ASSIGNMENT:
Once the line with "(\<exists>l l'. heavy_pair" is found in the entries below, repeat it and each following line exactly, up to and including the line with "then (1, 0)". Add no other lines.

SOURCE DATA:
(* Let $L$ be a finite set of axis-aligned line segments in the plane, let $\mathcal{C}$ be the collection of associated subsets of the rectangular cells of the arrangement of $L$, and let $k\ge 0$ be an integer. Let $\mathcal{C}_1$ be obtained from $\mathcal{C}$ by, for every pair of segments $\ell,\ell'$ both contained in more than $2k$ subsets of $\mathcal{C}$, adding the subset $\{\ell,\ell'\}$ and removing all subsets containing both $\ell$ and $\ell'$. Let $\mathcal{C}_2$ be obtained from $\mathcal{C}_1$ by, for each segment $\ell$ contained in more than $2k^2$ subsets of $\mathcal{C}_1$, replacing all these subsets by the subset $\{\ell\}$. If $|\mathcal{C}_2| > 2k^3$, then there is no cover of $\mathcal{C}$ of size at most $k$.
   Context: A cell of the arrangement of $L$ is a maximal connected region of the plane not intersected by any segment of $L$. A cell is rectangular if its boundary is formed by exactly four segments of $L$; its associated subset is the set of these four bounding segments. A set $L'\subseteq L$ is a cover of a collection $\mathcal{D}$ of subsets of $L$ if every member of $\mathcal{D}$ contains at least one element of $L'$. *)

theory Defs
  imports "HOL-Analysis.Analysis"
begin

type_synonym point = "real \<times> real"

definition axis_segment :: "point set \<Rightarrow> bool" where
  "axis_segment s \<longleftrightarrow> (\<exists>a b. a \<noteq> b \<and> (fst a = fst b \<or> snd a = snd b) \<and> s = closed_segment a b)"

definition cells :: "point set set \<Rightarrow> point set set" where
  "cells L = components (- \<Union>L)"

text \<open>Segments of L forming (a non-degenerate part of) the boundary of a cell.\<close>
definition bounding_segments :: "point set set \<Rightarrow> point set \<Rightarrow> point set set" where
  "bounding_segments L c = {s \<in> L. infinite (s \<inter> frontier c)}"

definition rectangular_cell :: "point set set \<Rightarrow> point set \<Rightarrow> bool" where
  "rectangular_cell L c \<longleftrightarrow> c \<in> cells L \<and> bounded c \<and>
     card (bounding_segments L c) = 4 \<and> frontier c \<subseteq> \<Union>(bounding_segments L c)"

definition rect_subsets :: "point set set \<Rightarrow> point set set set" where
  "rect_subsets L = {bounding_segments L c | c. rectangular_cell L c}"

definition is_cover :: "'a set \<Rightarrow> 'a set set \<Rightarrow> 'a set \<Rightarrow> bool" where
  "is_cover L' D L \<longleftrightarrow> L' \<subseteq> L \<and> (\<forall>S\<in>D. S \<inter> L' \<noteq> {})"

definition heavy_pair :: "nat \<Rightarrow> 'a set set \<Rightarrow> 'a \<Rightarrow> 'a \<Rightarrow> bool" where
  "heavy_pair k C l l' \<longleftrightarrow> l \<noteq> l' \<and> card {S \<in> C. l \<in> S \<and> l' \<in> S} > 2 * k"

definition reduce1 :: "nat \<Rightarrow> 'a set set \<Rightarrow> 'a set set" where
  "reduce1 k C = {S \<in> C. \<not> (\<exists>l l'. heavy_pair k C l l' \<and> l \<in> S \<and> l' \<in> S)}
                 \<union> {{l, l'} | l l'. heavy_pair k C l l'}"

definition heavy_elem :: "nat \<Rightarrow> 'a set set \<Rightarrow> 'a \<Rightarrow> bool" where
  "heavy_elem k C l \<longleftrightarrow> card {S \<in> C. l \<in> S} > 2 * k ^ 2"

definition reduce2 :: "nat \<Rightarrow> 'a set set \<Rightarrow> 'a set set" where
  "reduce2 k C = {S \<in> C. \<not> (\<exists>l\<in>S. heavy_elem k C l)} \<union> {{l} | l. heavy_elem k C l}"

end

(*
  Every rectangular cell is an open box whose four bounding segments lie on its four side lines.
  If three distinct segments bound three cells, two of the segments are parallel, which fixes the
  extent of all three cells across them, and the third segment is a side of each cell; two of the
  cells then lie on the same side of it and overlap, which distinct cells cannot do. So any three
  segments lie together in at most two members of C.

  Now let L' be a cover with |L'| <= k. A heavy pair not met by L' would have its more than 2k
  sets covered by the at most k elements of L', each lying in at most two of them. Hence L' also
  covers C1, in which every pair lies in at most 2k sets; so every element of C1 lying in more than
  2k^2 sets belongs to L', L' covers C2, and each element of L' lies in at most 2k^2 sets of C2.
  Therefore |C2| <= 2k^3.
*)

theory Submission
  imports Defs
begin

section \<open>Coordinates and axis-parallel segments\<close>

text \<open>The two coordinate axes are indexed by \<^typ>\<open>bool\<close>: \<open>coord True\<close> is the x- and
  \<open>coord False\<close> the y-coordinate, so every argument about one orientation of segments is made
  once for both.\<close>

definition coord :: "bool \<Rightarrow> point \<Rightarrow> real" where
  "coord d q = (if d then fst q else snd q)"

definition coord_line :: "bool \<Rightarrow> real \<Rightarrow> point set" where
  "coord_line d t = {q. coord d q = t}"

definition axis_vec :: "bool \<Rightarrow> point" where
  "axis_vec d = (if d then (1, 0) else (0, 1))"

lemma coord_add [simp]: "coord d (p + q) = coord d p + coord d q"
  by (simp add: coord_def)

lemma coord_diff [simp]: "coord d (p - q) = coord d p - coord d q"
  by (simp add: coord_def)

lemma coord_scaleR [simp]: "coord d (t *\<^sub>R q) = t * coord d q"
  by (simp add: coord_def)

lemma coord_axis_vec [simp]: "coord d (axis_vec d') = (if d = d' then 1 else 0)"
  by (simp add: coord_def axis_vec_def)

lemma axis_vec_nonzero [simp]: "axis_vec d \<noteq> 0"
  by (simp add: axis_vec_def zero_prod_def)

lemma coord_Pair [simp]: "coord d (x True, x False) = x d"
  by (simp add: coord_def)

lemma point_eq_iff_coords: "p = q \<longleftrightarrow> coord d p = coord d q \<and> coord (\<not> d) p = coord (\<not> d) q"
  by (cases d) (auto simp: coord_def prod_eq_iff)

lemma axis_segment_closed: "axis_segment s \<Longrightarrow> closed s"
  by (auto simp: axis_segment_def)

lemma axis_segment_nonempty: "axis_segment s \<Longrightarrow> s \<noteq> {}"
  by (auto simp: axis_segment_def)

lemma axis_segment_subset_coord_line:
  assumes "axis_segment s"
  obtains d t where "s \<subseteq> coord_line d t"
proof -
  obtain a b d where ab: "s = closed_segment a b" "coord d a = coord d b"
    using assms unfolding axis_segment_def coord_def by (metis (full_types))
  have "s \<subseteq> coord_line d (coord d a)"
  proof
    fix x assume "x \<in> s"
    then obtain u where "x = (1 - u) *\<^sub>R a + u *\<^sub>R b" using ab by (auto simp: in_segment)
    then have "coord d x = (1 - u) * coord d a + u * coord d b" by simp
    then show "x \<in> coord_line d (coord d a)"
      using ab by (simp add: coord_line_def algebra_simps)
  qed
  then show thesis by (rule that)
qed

---

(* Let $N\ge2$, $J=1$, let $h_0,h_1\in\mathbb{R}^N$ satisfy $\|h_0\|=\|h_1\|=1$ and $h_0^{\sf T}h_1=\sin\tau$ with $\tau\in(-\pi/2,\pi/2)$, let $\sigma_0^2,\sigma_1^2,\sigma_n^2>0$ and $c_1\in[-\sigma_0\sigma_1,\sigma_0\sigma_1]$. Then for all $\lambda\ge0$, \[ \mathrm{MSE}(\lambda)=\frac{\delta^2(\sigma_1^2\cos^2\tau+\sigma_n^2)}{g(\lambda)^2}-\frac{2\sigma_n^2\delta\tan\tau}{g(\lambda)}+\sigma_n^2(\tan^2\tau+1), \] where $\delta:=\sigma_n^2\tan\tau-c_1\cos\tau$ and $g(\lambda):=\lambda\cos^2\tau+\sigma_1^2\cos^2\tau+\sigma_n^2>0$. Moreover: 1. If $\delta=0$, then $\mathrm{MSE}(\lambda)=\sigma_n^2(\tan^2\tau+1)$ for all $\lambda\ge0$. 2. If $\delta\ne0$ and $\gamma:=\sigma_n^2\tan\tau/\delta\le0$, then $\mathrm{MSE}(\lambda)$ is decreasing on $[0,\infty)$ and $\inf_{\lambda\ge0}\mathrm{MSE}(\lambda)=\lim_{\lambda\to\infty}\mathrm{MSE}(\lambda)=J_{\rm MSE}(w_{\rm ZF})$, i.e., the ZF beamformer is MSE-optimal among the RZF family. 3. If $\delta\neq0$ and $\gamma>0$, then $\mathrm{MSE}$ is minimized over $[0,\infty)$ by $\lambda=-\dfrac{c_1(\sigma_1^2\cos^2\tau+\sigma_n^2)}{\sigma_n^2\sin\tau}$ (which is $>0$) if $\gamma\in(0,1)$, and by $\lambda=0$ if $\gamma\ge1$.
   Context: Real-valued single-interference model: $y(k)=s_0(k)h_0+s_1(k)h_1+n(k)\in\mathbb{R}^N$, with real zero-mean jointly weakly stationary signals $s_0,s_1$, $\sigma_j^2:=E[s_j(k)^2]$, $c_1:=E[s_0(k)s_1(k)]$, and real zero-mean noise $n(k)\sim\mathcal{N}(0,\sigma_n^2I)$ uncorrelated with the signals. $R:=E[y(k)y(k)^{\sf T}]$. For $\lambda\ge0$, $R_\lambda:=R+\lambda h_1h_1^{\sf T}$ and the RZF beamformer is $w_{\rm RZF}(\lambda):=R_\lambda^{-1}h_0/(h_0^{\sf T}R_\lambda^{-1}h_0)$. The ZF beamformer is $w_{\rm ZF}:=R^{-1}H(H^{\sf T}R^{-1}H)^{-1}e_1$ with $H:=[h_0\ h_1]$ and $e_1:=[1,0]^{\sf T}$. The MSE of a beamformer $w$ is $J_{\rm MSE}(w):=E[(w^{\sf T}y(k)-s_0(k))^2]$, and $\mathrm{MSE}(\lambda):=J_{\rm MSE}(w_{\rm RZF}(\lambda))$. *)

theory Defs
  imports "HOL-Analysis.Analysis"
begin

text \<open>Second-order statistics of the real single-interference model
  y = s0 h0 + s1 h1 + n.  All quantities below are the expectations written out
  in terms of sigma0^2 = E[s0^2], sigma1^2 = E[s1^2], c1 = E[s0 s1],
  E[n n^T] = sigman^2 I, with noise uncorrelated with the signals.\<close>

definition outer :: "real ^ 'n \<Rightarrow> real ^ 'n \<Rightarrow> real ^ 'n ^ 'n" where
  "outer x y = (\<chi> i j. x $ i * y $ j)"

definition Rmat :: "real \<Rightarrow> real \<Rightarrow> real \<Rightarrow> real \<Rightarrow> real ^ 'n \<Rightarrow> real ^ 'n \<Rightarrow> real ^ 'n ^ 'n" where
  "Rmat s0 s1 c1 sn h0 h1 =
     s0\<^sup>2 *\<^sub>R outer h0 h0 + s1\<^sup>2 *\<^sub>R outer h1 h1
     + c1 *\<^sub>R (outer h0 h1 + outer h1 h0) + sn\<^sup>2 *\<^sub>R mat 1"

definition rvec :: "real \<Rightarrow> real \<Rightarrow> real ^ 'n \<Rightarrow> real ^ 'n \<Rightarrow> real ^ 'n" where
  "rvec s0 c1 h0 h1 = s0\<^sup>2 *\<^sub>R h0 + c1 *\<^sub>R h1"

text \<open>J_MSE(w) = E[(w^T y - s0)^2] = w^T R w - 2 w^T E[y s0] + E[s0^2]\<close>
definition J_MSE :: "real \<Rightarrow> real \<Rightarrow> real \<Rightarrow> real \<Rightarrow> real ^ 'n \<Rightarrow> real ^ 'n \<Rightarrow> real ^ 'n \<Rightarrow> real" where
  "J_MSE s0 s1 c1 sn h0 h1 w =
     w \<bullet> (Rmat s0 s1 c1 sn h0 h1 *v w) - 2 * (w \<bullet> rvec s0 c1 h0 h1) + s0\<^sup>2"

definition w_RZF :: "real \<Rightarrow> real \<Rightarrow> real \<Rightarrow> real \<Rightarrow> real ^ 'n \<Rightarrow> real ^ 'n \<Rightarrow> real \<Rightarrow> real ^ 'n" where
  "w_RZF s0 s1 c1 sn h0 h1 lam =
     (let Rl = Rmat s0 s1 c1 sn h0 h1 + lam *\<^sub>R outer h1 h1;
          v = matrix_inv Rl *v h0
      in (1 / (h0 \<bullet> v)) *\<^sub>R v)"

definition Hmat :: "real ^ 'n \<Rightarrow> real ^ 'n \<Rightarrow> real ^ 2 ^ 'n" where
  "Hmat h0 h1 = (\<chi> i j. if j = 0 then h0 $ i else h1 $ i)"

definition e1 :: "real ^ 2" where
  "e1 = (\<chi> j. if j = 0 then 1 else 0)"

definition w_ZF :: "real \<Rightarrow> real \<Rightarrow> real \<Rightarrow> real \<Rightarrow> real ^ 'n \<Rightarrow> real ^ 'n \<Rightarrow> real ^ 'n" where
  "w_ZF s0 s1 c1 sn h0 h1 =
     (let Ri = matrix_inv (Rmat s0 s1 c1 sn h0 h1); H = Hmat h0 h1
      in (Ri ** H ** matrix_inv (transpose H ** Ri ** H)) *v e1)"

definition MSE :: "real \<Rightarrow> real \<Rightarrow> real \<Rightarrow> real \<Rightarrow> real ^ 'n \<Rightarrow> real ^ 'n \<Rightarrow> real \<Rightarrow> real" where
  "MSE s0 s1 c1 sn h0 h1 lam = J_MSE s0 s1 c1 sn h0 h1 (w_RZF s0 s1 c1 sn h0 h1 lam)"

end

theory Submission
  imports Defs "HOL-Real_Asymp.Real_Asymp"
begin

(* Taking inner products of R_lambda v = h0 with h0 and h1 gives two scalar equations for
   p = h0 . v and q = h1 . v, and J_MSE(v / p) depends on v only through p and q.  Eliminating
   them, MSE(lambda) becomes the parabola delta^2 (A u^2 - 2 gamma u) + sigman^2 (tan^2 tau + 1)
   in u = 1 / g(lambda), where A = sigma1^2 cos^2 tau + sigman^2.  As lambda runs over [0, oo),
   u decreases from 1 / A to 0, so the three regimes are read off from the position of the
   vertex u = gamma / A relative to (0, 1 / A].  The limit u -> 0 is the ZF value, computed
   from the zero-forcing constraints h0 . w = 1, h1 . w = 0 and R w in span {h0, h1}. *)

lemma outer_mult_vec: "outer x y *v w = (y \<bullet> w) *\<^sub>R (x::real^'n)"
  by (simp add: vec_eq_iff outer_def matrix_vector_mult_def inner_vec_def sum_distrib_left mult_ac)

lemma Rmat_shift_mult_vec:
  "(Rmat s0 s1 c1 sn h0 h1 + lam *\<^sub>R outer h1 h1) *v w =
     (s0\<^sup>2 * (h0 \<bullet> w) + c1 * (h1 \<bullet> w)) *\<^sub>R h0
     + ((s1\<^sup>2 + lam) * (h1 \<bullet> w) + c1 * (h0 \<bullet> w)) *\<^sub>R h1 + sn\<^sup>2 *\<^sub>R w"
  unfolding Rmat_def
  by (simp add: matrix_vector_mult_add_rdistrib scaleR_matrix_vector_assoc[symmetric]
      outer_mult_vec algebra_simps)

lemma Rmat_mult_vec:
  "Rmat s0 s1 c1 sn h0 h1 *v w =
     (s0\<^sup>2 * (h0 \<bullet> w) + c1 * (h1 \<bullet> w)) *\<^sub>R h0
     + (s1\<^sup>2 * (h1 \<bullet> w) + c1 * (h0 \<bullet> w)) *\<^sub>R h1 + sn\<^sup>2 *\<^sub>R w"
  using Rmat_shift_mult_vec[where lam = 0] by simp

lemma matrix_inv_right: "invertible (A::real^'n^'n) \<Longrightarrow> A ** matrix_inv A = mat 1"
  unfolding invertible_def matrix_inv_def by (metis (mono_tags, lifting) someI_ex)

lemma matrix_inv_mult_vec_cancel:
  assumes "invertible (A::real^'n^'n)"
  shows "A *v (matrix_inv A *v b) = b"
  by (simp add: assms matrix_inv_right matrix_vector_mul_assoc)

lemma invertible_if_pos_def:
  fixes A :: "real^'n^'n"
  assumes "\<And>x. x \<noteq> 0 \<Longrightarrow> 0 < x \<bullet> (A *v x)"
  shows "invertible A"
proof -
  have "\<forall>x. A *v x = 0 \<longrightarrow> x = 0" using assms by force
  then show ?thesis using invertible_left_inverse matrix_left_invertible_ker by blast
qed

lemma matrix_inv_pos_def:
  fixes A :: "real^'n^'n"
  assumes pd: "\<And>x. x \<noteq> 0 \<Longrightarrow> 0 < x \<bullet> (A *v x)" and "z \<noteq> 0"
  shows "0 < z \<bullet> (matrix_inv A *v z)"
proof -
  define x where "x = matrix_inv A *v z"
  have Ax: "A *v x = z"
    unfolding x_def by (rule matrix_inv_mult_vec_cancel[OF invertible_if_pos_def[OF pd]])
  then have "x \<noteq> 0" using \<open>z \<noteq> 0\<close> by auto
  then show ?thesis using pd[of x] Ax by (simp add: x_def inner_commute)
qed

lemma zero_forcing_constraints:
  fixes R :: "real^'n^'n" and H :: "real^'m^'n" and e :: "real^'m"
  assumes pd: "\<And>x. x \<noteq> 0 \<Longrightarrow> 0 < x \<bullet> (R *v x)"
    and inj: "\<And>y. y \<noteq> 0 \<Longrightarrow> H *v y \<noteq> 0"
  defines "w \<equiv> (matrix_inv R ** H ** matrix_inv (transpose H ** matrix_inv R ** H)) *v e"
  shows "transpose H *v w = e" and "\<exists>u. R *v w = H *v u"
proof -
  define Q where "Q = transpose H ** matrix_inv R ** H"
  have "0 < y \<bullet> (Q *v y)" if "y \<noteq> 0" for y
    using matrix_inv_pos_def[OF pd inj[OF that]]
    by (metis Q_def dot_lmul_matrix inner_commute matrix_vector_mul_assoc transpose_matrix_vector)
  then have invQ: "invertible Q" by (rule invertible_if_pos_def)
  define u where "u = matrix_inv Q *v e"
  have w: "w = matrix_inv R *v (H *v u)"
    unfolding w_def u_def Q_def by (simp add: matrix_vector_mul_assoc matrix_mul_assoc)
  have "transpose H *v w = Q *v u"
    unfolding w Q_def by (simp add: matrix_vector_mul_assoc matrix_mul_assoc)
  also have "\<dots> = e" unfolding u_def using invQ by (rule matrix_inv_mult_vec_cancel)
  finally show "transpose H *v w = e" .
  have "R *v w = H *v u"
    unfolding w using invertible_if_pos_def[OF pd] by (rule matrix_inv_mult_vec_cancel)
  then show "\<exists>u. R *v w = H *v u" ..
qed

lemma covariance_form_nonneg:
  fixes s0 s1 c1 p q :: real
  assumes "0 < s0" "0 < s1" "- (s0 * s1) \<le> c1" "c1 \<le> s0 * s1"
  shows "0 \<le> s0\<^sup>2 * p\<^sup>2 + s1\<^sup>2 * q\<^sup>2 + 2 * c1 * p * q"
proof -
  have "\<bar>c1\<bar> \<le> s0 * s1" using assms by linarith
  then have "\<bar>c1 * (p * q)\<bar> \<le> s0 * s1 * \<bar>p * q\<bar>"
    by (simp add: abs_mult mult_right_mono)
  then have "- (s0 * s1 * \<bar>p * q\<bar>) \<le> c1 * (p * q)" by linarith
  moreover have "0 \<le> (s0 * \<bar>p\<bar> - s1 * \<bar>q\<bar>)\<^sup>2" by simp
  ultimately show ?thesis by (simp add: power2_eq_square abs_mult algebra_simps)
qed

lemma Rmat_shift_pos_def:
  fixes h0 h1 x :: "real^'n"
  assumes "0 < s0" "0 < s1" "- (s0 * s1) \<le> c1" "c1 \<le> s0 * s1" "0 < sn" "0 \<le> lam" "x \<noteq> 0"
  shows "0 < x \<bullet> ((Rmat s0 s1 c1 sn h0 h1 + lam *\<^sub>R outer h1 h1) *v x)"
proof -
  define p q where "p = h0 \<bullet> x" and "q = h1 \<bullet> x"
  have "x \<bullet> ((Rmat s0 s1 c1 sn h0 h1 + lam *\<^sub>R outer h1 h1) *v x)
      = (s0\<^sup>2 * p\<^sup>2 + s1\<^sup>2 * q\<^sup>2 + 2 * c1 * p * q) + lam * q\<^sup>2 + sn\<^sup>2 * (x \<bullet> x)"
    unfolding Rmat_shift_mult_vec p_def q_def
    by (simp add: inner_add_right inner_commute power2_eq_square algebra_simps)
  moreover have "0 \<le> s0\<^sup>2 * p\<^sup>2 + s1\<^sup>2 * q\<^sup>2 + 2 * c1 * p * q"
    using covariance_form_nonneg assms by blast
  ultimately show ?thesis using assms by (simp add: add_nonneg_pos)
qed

EXPECTED OUTPUT:
  "reduce1 k C = {S \<in> C. \<not> (\<exists>l l'. heavy_pair k C l l' \<and> l \<in> S \<and> l' \<in> S)}
                 \<union> {{l, l'} | l l'. heavy_pair k C l l'}"

definition heavy_elem :: "nat \<Rightarrow> 'a set set \<Rightarrow> 'a \<Rightarrow> bool" where
  "heavy_elem k C l \<longleftrightarrow> card {S \<in> C. l \<in> S} > 2 * k ^ 2"

definition reduce2 :: "nat \<Rightarrow> 'a set set \<Rightarrow> 'a set set" where
  "reduce2 k C = {S \<in> C. \<not> (\<exists>l\<in>S. heavy_elem k C l)} \<union> {{l} | l. heavy_elem k C l}"

end

(*
  Every rectangular cell is an open box whose four bounding segments lie on its four side lines.
  If three distinct segments bound three cells, two of the segments are parallel, which fixes the
  extent of all three cells across them, and the third segment is a side of each cell; two of the
  cells then lie on the same side of it and overlap, which distinct cells cannot do. So any three
  segments lie together in at most two members of C.

  Now let L' be a cover with |L'| <= k. A heavy pair not met by L' would have its more than 2k
  sets covered by the at most k elements of L', each lying in at most two of them. Hence L' also
  covers C1, in which every pair lies in at most 2k sets; so every element of C1 lying in more than
  2k^2 sets belongs to L', L' covers C2, and each element of L' lies in at most 2k^2 sets of C2.
  Therefore |C2| <= 2k^3.
*)

theory Submission
  imports Defs
begin

section \<open>Coordinates and axis-parallel segments\<close>

text \<open>The two coordinate axes are indexed by \<^typ>\<open>bool\<close>: \<open>coord True\<close> is the x- and
  \<open>coord False\<close> the y-coordinate, so every argument about one orientation of segments is made
  once for both.\<close>

definition coord :: "bool \<Rightarrow> point \<Rightarrow> real" where
  "coord d q = (if d then fst q else snd q)"

definition coord_line :: "bool \<Rightarrow> real \<Rightarrow> point set" where
  "coord_line d t = {q. coord d q = t}"

definition axis_vec :: "bool \<Rightarrow> point" where
  "axis_vec d = (if d then (1, 0) else (0, 1))"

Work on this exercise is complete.